» **WORK TASK**: Show every line below where "nall" can be found.

BEGIN MATERIAL FOR THIS EXERCISE

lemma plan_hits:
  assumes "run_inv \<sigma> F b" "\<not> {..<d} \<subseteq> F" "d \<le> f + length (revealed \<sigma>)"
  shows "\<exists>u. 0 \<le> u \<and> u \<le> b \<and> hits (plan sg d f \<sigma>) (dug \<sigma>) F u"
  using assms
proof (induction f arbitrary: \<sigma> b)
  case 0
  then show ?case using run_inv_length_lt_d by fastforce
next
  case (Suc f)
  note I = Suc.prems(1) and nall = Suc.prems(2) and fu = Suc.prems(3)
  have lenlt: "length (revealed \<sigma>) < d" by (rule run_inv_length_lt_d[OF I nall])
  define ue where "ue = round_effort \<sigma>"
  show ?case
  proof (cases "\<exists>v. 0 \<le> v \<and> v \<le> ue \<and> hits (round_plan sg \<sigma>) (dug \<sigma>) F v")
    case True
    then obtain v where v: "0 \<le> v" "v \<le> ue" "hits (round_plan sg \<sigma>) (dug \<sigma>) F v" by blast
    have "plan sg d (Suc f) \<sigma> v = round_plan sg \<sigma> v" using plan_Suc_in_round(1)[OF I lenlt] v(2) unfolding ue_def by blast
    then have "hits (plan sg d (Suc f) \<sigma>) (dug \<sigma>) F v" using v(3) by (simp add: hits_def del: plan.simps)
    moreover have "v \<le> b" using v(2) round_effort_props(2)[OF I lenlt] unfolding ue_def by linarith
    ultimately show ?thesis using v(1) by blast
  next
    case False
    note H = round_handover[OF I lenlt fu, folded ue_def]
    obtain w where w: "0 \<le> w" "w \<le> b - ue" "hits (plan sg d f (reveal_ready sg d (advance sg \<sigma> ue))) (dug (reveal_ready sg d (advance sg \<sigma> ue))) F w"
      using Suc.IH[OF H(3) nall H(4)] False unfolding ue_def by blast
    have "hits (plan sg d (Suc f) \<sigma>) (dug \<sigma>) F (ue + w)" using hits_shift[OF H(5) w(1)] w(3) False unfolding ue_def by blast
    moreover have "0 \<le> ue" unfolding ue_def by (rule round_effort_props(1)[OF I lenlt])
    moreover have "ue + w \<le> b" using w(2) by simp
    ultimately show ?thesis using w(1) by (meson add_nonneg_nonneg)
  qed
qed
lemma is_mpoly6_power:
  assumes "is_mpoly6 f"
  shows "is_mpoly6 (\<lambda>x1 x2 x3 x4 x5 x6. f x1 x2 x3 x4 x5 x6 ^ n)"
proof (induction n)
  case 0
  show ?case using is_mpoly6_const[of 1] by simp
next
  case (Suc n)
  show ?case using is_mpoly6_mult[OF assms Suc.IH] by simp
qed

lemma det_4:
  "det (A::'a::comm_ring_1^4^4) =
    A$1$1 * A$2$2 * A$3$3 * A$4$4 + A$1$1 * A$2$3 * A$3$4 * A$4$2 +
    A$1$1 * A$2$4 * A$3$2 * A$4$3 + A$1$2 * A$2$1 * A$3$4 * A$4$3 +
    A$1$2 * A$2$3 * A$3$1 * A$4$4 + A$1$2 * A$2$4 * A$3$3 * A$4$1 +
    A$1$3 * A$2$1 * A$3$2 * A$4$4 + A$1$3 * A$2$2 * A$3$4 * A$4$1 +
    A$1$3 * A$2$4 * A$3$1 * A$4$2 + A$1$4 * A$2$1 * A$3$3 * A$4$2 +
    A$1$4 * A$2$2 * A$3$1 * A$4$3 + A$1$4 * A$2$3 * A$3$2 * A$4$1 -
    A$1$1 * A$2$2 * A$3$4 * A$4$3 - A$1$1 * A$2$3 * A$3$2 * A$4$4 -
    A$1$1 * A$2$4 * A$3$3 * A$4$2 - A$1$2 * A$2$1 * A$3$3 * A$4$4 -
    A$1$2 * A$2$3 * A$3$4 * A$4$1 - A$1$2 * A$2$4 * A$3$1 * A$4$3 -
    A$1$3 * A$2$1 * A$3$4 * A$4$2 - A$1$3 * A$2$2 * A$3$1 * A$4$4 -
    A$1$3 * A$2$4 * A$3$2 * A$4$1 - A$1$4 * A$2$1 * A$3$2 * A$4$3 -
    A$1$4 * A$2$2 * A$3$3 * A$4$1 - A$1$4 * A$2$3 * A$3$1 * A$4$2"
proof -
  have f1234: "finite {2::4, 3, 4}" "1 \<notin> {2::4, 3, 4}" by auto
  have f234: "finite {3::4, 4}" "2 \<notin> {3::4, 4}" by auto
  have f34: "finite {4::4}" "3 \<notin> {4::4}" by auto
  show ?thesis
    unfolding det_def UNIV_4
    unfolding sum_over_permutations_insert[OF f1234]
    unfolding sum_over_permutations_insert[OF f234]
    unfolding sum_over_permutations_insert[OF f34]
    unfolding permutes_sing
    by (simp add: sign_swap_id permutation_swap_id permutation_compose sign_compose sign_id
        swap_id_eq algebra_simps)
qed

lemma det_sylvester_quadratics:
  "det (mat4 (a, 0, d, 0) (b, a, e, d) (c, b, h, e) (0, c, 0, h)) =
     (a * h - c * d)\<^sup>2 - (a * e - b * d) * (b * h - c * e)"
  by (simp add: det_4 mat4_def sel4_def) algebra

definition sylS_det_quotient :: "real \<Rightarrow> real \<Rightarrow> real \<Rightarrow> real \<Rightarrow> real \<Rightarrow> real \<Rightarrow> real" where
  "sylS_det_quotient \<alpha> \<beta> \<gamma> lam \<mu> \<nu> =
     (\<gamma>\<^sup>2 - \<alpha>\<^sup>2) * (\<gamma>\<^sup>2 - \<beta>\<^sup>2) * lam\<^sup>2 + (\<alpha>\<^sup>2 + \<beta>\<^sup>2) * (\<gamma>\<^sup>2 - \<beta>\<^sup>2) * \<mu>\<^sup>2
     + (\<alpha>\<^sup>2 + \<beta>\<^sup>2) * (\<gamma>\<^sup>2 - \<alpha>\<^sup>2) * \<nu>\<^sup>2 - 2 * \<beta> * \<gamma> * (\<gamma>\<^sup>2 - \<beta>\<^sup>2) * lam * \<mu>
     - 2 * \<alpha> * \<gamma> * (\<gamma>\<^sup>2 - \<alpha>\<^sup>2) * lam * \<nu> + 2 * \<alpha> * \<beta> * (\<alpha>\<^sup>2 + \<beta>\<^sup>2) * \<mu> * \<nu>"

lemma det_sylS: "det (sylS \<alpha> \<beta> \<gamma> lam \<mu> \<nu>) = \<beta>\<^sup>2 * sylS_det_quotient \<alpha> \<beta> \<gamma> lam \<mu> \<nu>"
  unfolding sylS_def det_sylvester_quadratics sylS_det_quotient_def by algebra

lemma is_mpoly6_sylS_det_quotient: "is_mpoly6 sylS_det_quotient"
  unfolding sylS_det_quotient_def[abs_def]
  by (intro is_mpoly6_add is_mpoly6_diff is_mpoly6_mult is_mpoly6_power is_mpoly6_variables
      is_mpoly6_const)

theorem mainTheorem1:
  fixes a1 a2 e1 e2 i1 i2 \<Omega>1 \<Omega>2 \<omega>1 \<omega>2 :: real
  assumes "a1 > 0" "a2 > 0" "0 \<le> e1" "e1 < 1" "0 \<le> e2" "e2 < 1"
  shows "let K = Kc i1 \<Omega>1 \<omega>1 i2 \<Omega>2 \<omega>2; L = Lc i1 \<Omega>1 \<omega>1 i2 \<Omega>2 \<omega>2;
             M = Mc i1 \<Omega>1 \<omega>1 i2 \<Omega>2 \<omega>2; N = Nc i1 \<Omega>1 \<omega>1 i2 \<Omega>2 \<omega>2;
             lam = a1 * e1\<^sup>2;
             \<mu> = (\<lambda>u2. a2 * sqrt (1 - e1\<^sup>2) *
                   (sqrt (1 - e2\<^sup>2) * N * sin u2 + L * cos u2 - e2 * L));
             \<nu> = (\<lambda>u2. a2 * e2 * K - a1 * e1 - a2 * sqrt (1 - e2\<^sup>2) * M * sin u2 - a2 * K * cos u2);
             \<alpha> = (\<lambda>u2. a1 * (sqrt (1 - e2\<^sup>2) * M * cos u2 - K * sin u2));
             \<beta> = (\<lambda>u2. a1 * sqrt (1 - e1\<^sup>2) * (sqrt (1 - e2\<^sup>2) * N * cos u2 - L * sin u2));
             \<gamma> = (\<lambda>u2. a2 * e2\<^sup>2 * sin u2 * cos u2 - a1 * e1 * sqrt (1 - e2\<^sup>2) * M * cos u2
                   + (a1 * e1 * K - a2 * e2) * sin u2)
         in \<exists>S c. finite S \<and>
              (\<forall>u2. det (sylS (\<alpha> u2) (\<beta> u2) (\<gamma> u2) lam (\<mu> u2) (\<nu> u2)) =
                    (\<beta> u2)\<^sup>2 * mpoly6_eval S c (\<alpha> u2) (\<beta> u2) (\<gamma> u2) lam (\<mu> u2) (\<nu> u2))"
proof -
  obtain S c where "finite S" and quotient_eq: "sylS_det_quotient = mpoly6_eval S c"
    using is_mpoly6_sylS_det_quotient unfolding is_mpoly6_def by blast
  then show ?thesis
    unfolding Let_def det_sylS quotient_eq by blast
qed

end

END MATERIAL FOR THIS EXERCISE

» **ANSWER TO THE EXERCISE**:
  note I = Suc.prems(1) and nall = Suc.prems(2) and fu = Suc.prems(3)
  have lenlt: "length (revealed \<sigma>) < d" by (rule run_inv_length_lt_d[OF I nall])
      using Suc.IH[OF H(3) nall H(4)] False unfolding ue_def by blast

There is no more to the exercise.